Climate data for Putre (1976–2009)
| Month | Jan | Feb | Mar | Apr | May | Jun | Jul | Aug | Sep | Oct | Nov | Dec | Year |
| Mean daily maximum °C (°F) | 14.5 (58.1) | 14.8 (58.6) | 15.1 (59.2) | 16.1 (61.0) | 15.6 (60.1) | 14.8 (58.6) | 14.2 (57.6) | 15.2 (59.4) | 15.7 (60.3) | 16.1 (61.0) | 15.9 (60.6) | 15.4 (59.7) | 15.3 (59.5) |
| Daily mean °C (°F) | 9.2 (48.6) | 9.4 (48.9) | 9.8 (49.6) | 9.1 (48.4) | 8.1 (46.6) | 7.5 (45.5) | 8.6 (47.5) | 8.9 (48.0) | 9.3 (48.7) | 9.3 (48.7) | 9.5 (49.1) | 9.3 (48.7) | 9.0 (48.2) |
| Mean daily minimum °C (°F) | 3.9 (39.0) | 3.9 (39.0) | 3.7 (38.7) | 3.5 (38.3) | 2.5 (36.5) | 1.4 (34.5) | 0.7 (33.3) | 1.9 (35.4) | 2.2 (36.0) | 2.5 (36.5) | 3.1 (37.6) | 3.2 (37.8) | 2.7 (36.9) |
| Average precipitation mm (inches) | 155 (6.1) | 97 (3.8) | 28 (1.1) | 1 (0.0) | 1 (0.0) | 1 (0.0) | 1 (0.0) | 2 (0.1) | 2 (0.1) | 2 (0.1) | 18 (0.7) | 68 (2.7) | 376 (14.7) |
Source: Atlas Agroclimatico de Chile

==Demographics==
According to the 2002 census of the National Statistics Institute, Putre had 1,977 inhabitants (1,345 men and 632 women).
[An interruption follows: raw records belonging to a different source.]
lemma gderiv_unique:
  assumes "GDERIV f w :> g" "GDERIV f w :> g'"
  shows "g = g'"
proof -
  have "(\<lambda>h. h \<bullet> g) = (\<lambda>h. h \<bullet> g')"
    using assms unfolding gderiv_def by (rule has_derivative_unique)
  then have "(g - g') \<bullet> g = (g - g') \<bullet> g'" by metis
  then have "(g - g') \<bullet> (g - g') = 0" by (simp add: inner_diff_right)
  then show ?thesis by simp
qed

lemma grad_own_eq:
  "grad_own N aG bG a b c f d i x =
     (\<chi> j. 2 * quad_coeff N aG a d i j * x i $ j + lin_coeff N aG bG b c f d i (sigma_minus N i x) j)"
  unfolding grad_own_def cost_eq_separable_quadratic
  using has_gradient_separable_quadratic gderiv_unique by blast

definition pseudo_grad :: "('c::finite \<Rightarrow> nat) \<Rightarrow> real^'m \<Rightarrow> real^'m \<Rightarrow> real^'m^'c \<Rightarrow> real^'m^'c" where
  "pseudo_grad N aG bG X = (\<chi> i. \<chi> j. real (N i) * (aG$j * sigma N X $ j + bG$j))"

lemma grad_own_eq_pseudo_grad:
  assumes "d i $ j \<noteq> 0"
  shows "grad_own N aG bG a b c f d i x $ j = pseudo_grad N aG bG (\<chi> k. x k) $ i $ j"
  using assms
  by (simp add: grad_own_eq quad_coeff_def lin_coeff_def pseudo_grad_def sigma_vec_lambda[of N x i]
      power2_eq_square algebra_simps)

lemma cost_ge_linearization:
  assumes aG: "\<And>j. 0 \<le> aG$j"
    and supp: "\<And>j. d i $ j = 0 \<Longrightarrow> y$j = 0 \<and> X$i$j = 0"
  shows "cost N aG bG a b c f d i (X$i) (($) X) + pseudo_grad N aG bG X $ i \<bullet> (y - X$i)
           \<le> cost N aG bG a b c f d i y (($) X)"
proof -
  let ?s = "sigma_minus N i (($) X)" and ?w = "X$i" and ?g = "pseudo_grad N aG bG X $ i"
  have "quad_coeff N aG a d i j * (?w$j)\<^sup>2 + lin_coeff N aG bG b c f d i ?s j * ?w$j
          + ?g$j * (y$j - ?w$j)
        \<le> quad_coeff N aG a d i j * (y$j)\<^sup>2 + lin_coeff N aG bG b c f d i ?s j * y$j" for j
  proof (cases "d i $ j = 0")
    case False
    have "?g$j = 2 * quad_coeff N aG a d i j * ?w$j + lin_coeff N aG bG b c f d i ?s j"
      using grad_own_eq_pseudo_grad[where d=d and i=i and j=j and x="($) X", OF False]
      by (simp add: grad_own_eq)
    moreover have "0 \<le> quad_coeff N aG a d i j * (y$j - ?w$j)\<^sup>2"
      using False aG[of j] by (simp add: quad_coeff_def)
    ultimately show ?thesis by (simp add: power2_eq_square algebra_simps)
  qed (use supp in simp)
  then show ?thesis
    unfolding cost_eq_separable_quadratic inner_vec_def
    by (simp add: sum_mono flip: sum.distrib)
qed

section \<open>The spectrum of F1 and cocoercivity\<close>

lemma F1mat_mult_vec_nth:
  "(F1mat N aG *v v) $ p = real (N (fst p)) * aG$(snd p) * (\<Sum>k\<in>UNIV. real (N k) * v$(k, snd p))"
proof -
  obtain i j where p: "p = (i, j)" by fastforce
  have "(F1mat N aG *v v) $ p
      = (\<Sum>q\<in>UNIV \<times> UNIV. real (N i) * real (N (fst q)) * (if j = snd q then aG$j else 0) * v$q)"
    by (auto simp: matrix_vector_mult_def F1mat_def p UNIV_Times_UNIV intro!: sum.cong)
  also have "\<dots> = (\<Sum>k\<in>UNIV. \<Sum>j'\<in>UNIV. real (N i) * real (N k) * (if j = j' then aG$j else 0) * v$(k, j'))"
    by (simp add: sum.cartesian_product split_beta)
  also have "\<dots> = (\<Sum>k\<in>UNIV. real (N i) * real (N k) * aG$j * v$(k, j))"
    by (intro sum.cong refl) (simp add: if_distrib if_distribR cong: if_cong)
  finally show ?thesis by (simp add: p sum_distrib_left algebra_simps)
qed

lemma eigenvalues_F1mat_subset:
  "{l. is_eigenvalue (F1mat N aG) l} \<subseteq> insert 0 (range (\<lambda>j. (\<Sum>k\<in>UNIV. (real (N k))\<^sup>2) * aG$j))"
proof
  fix l assume "l \<in> {l. is_eigenvalue (F1mat N aG) l}"
  then obtain v where v: "v \<noteq> 0" "F1mat N aG *v v = l *\<^sub>R v" by (auto simp: is_eigenvalue_def)
  define w where "w j = (\<Sum>k\<in>UNIV. real (N k) * v$(k, j))" for j
  have ev: "real (N k) * aG$j * w j = l * v$(k, j)" for k j
    using arg_cong[OF v(2), of "\<lambda>u. u$(k, j)"] by (simp add: F1mat_mult_vec_nth w_def)
  show "l \<in> insert 0 (range (\<lambda>j. (\<Sum>k\<in>UNIV. (real (N k))\<^sup>2) * aG$j))"
  proof (cases "\<forall>j. w j = 0")
    case True
    obtain k j where "v$(k, j) \<noteq> 0" using v(1) by (metis vec_eq_iff zero_index surj_pair)
    with ev[of k j] True show ?thesis by simp
  next
    case False
    then obtain j where wj: "w j \<noteq> 0" by blast
    have "(\<Sum>k\<in>UNIV. (real (N k))\<^sup>2) * aG$j * w j = (\<Sum>k\<in>UNIV. real (N k) * (l * v$(k, j)))"
      by (simp add: ev[symmetric] w_def sum_distrib_left sum_distrib_right power2_eq_square
          algebra_simps)
    also have "\<dots> = l * w j" by (simp add: w_def sum_distrib_left algebra_simps)
    finally have "l = (\<Sum>k\<in>UNIV. (real (N k))\<^sup>2) * aG$j" using wj by simp
    then show ?thesis by blast
  qed
qed

lemma is_eigenvalue_F1mat:
  fixes N :: "'c::finite \<Rightarrow> nat" and aG :: "real^'m::finite"
  assumes "N i \<noteq> 0"
  shows "is_eigenvalue (F1mat N aG) ((\<Sum>k\<in>UNIV. (real (N k))\<^sup>2) * aG$j)"
proof -
  define v :: "real^('c\<times>'m)" where "v = (\<chi> p. if snd p = j then real (N (fst p)) else 0)"
  have "v$(i, j) \<noteq> 0" using assms by (simp add: v_def)
  then have "v \<noteq> 0" by auto
  moreover have "F1mat N aG *v v = ((\<Sum>k\<in>UNIV. (real (N k))\<^sup>2) * aG$j) *\<^sub>R v"
    by (auto simp: vec_eq_iff F1mat_mult_vec_nth v_def power2_eq_square sum_distrib_left
        algebra_simps if_distrib cong: if_cong)
  ultimately show ?thesis by (auto simp: is_eigenvalue_def)
qed

lemma lambda_max_F1mat_ge:
  assumes "N i \<noteq> 0"
  shows "(\<Sum>k\<in>UNIV. (real (N k))\<^sup>2) * aG$j \<le> lambda_max (F1mat N aG)"
  unfolding lambda_max_def
  using is_eigenvalue_F1mat[where N=N and i=i and aG=aG and j=j, OF assms]
    finite_subset[OF eigenvalues_F1mat_subset]
  by (intro Max_ge) auto

lemma sigma_diff: "sigma N X - sigma N Y = sigma N (X - Y)"
  by (simp add: sigma_def scaleR_diff_right flip: sum_subtractf)

text \<open>The pseudo-gradient is F1 applied to the stacked profile plus a constant, so any
  bound on the eigenvalues of F1 is a cocoercivity constant for it.\<close>

lemma pseudo_grad_cocoercive:
  fixes X Y :: "real^'m::finite^'c::finite" and bG :: "real^'m"
  assumes aG: "\<And>j. 0 \<le> aG$j" and L: "\<And>j. (\<Sum>k\<in>UNIV. (real (N k))\<^sup>2) * aG$j \<le> L"
  defines "D \<equiv> pseudo_grad N aG bG X - pseudo_grad N aG bG Y"
  shows "(norm D)\<^sup>2 \<le> L * (D \<bullet> (X - Y))"
proof -
  define w where "w = sigma N (X - Y)"
  have D: "D = (\<chi> i. \<chi> j. real (N i) * aG$j * w$j)"
    by (simp add: D_def w_def pseudo_grad_def vec_eq_iff algebra_simps flip: sigma_diff)
  have w: "w$j = (\<Sum>i\<in>UNIV. real (N i) * (X - Y)$i$j)" for j
    by (simp add: w_def sigma_def sum_component)
  have "D \<bullet> (X - Y) = (\<Sum>i\<in>UNIV. \<Sum>j\<in>UNIV. real (N i) * aG$j * w$j * (X - Y)$i$j)"
    by (simp add: D inner_vec_def)
  also have "\<dots> = (\<Sum>j\<in>UNIV. aG$j * w$j * (\<Sum>i\<in>UNIV. real (N i) * (X - Y)$i$j))"
    by (subst sum.swap) (simp add: sum_distrib_left algebra_simps)
  finally have DW: "D \<bullet> (X - Y) = (\<Sum>j\<in>UNIV. aG$j * (w$j)\<^sup>2)"
    by (simp add: w power2_eq_square mult.assoc)
  have "(norm D)\<^sup>2 = (\<Sum>i\<in>UNIV. \<Sum>j\<in>UNIV. (real (N i))\<^sup>2 * ((aG$j)\<^sup>2 * (w$j)\<^sup>2))"
    unfolding power2_norm_eq_inner by (simp add: D inner_vec_def power2_eq_square algebra_simps)
  also have "\<dots> = (\<Sum>j\<in>UNIV. \<Sum>i\<in>UNIV. (real (N i))\<^sup>2 * ((aG$j)\<^sup>2 * (w$j)\<^sup>2))"
    by (rule sum.swap)
  also have "\<dots> = (\<Sum>j\<in>UNIV. (\<Sum>k\<in>UNIV. (real (N k))\<^sup>2) * ((aG$j)\<^sup>2 * (w$j)\<^sup>2))"
    by (simp add: sum_distrib_right)
  also have "\<dots> = (\<Sum>j\<in>UNIV. ((\<Sum>k\<in>UNIV. (real (N k))\<^sup>2) * aG$j) * (aG$j * (w$j)\<^sup>2))"
    by (simp add: power2_eq_square algebra_simps)
  also have "\<dots> \<le> (\<Sum>j\<in>UNIV. L * (aG$j * (w$j)\<^sup>2))"
    by (intro sum_mono mult_right_mono L) (simp add: aG)
  also have "\<dots> = L * (D \<bullet> (X - Y))" by (simp add: DW sum_distrib_left)
  finally show ?thesis .
qed

section \<open>The projected pseudo-gradient step\<close>

lemma closest_point_fixed_point_variational_ineq:
  assumes "convex K" "closed K" "y \<in> K" "0 < \<gamma>"
    and fixed: "closest_point K (w - \<gamma> *\<^sub>R g) = w"
  shows "0 \<le> g \<bullet> (y - w)"
proof -
  have "(w - \<gamma> *\<^sub>R g - w) \<bullet> (y - w) \<le> 0"
    using closest_point_dot[OF assms(1-3), of "w - \<gamma> *\<^sub>R g"] fixed by simp
  then have "0 \<le> \<gamma> * (g \<bullet> (y - w))" by (simp add: inner_diff_left)
  then show ?thesis using \<open>0 < \<gamma>\<close> by (simp add: zero_le_mult_iff)
qed

definition proj_grad_step ::
  "('c::finite \<Rightarrow> nat) \<Rightarrow> ('c \<Rightarrow> 'm::finite \<Rightarrow> 'v set) \<Rightarrow> real^'m \<Rightarrow> real^'m \<Rightarrow> real
   \<Rightarrow> real^'m^'c \<Rightarrow> real^'m^'c" where
  "proj_grad_step N F aG bG \<gamma> X =
     closest_point (vec_Pi (\<lambda>i. Kbar (N i) (F i))) (X - \<gamma> *\<^sub>R pseudo_grad N aG bG X)"

lemma proj_grad_step_nth:
  assumes "\<And>i. Kbar (N i) (F i) \<noteq> {}"
  shows "proj_grad_step N F aG bG \<gamma> X $ i
           = closest_point (Kbar (N i) (F i)) (X$i - \<gamma> *\<^sub>R pseudo_grad N aG bG X $ i)"
  unfolding proj_grad_step_def
  by (subst closest_point_vec_Pi) (simp_all add: assms convex_Kbar closed_Kbar)

text \<open>Off the support of d i the own gradient differs from the pseudo-gradient, but
  those coordinates vanish on the feasible set, so the projections agree.\<close>

lemma projected_grad_own_eq_proj_grad_step:
  fixes F :: "'c::finite \<Rightarrow> 'm::finite \<Rightarrow> 'v set"
  assumes "CARD('m) \<ge> 2" "\<And>i. N i \<ge> 1" "\<And>i. Kbar (N i) (F i) \<noteq> {}"
    and d_pos: "\<And>i j. F i j \<noteq> {} \<Longrightarrow> d i $ j > 0"
  shows "(\<chi> i. closest_point (Kbar (N i) (F i)) (x i - \<gamma> *\<^sub>R grad_own N aG bG a b c f d i x))
           = proj_grad_step N F aG bG \<gamma> (\<chi> i. x i)"
proof -
  have "closest_point (Kbar (N i) (F i)) (x i - \<gamma> *\<^sub>R grad_own N aG bG a b c f d i x)
      = closest_point (Kbar (N i) (F i)) (x i - \<gamma> *\<^sub>R pseudo_grad N aG bG (\<chi> k. x k) $ i)" for i
  proof (rule closest_point_eq_if_differences_vanish)
    show "convex (Kbar (N i) (F i))" "closed (Kbar (N i) (F i))" "Kbar (N i) (F i) \<noteq> {}"
      by (simp_all add: convex_Kbar closed_Kbar assms(3))
    fix j z
    assume "(x i - \<gamma> *\<^sub>R grad_own N aG bG a b c f d i x) $ j
        \<noteq> (x i - \<gamma> *\<^sub>R pseudo_grad N aG bG (\<chi> k. x k) $ i) $ j"
      and z: "z \<in> Kbar (N i) (F i)"
    then have "d i $ j = 0" using grad_own_eq_pseudo_grad by fastforce
    then have "F i j = {}" using d_pos[of i j] by fastforce
    then show "z $ j = 0" using Kbar_unreachable_eq_0[OF assms(1,2) _ z] by blast
  qed
  then show ?thesis by (simp add: vec_eq_iff proj_grad_step_nth assms(3))
qed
Of these, 1,235 (62.5%) lived in urban areas and 742 (38.5%) in rural areas. The population fell by 29.5% (826 persons) between the 1992 and 2002 censuses.

==Administration==
As a commune, Putre is a third-level administrative division of Chile administered by a municipal council, headed by a mayor (alcalde) who is directly elected every four years. Since August 2023 the mayor has been Javier Tito Huaylla (Ind./UDI), who was elected by the communal council following the former mayor Maricel Gutiérrez Castro (Ind.) died in July 2023. The communal council has the following members:
- Juan Manuel Muñoz Cabrera (UDI)
- Jeannette Huanca Huanca (Ind./UDI)
- María Aria Santos (Ind./UDI)
- Marcos Jiménez Mamani (Ind./PR)
- Edie Zegarra Santos (Ind./PPD)
- Herman Gutiérrez Coloma (Ind./PPD)

Within the electoral divisions of Chile, Putre is represented in the Chamber of Deputies by Mr. Nino Baltolu (UDI) and Mr. Orlando Vargas (PPD) as part of the 1st electoral district, which includes the entire Arica and Parinacota Region.The commune is represented in the Senate by Fulvio Rossi Ciocca (PS) and Jaime Orpis Bouchon (UDI) as part of the 1st senatorial constituency (Arica and Parinacota Region and Tarapacá Region).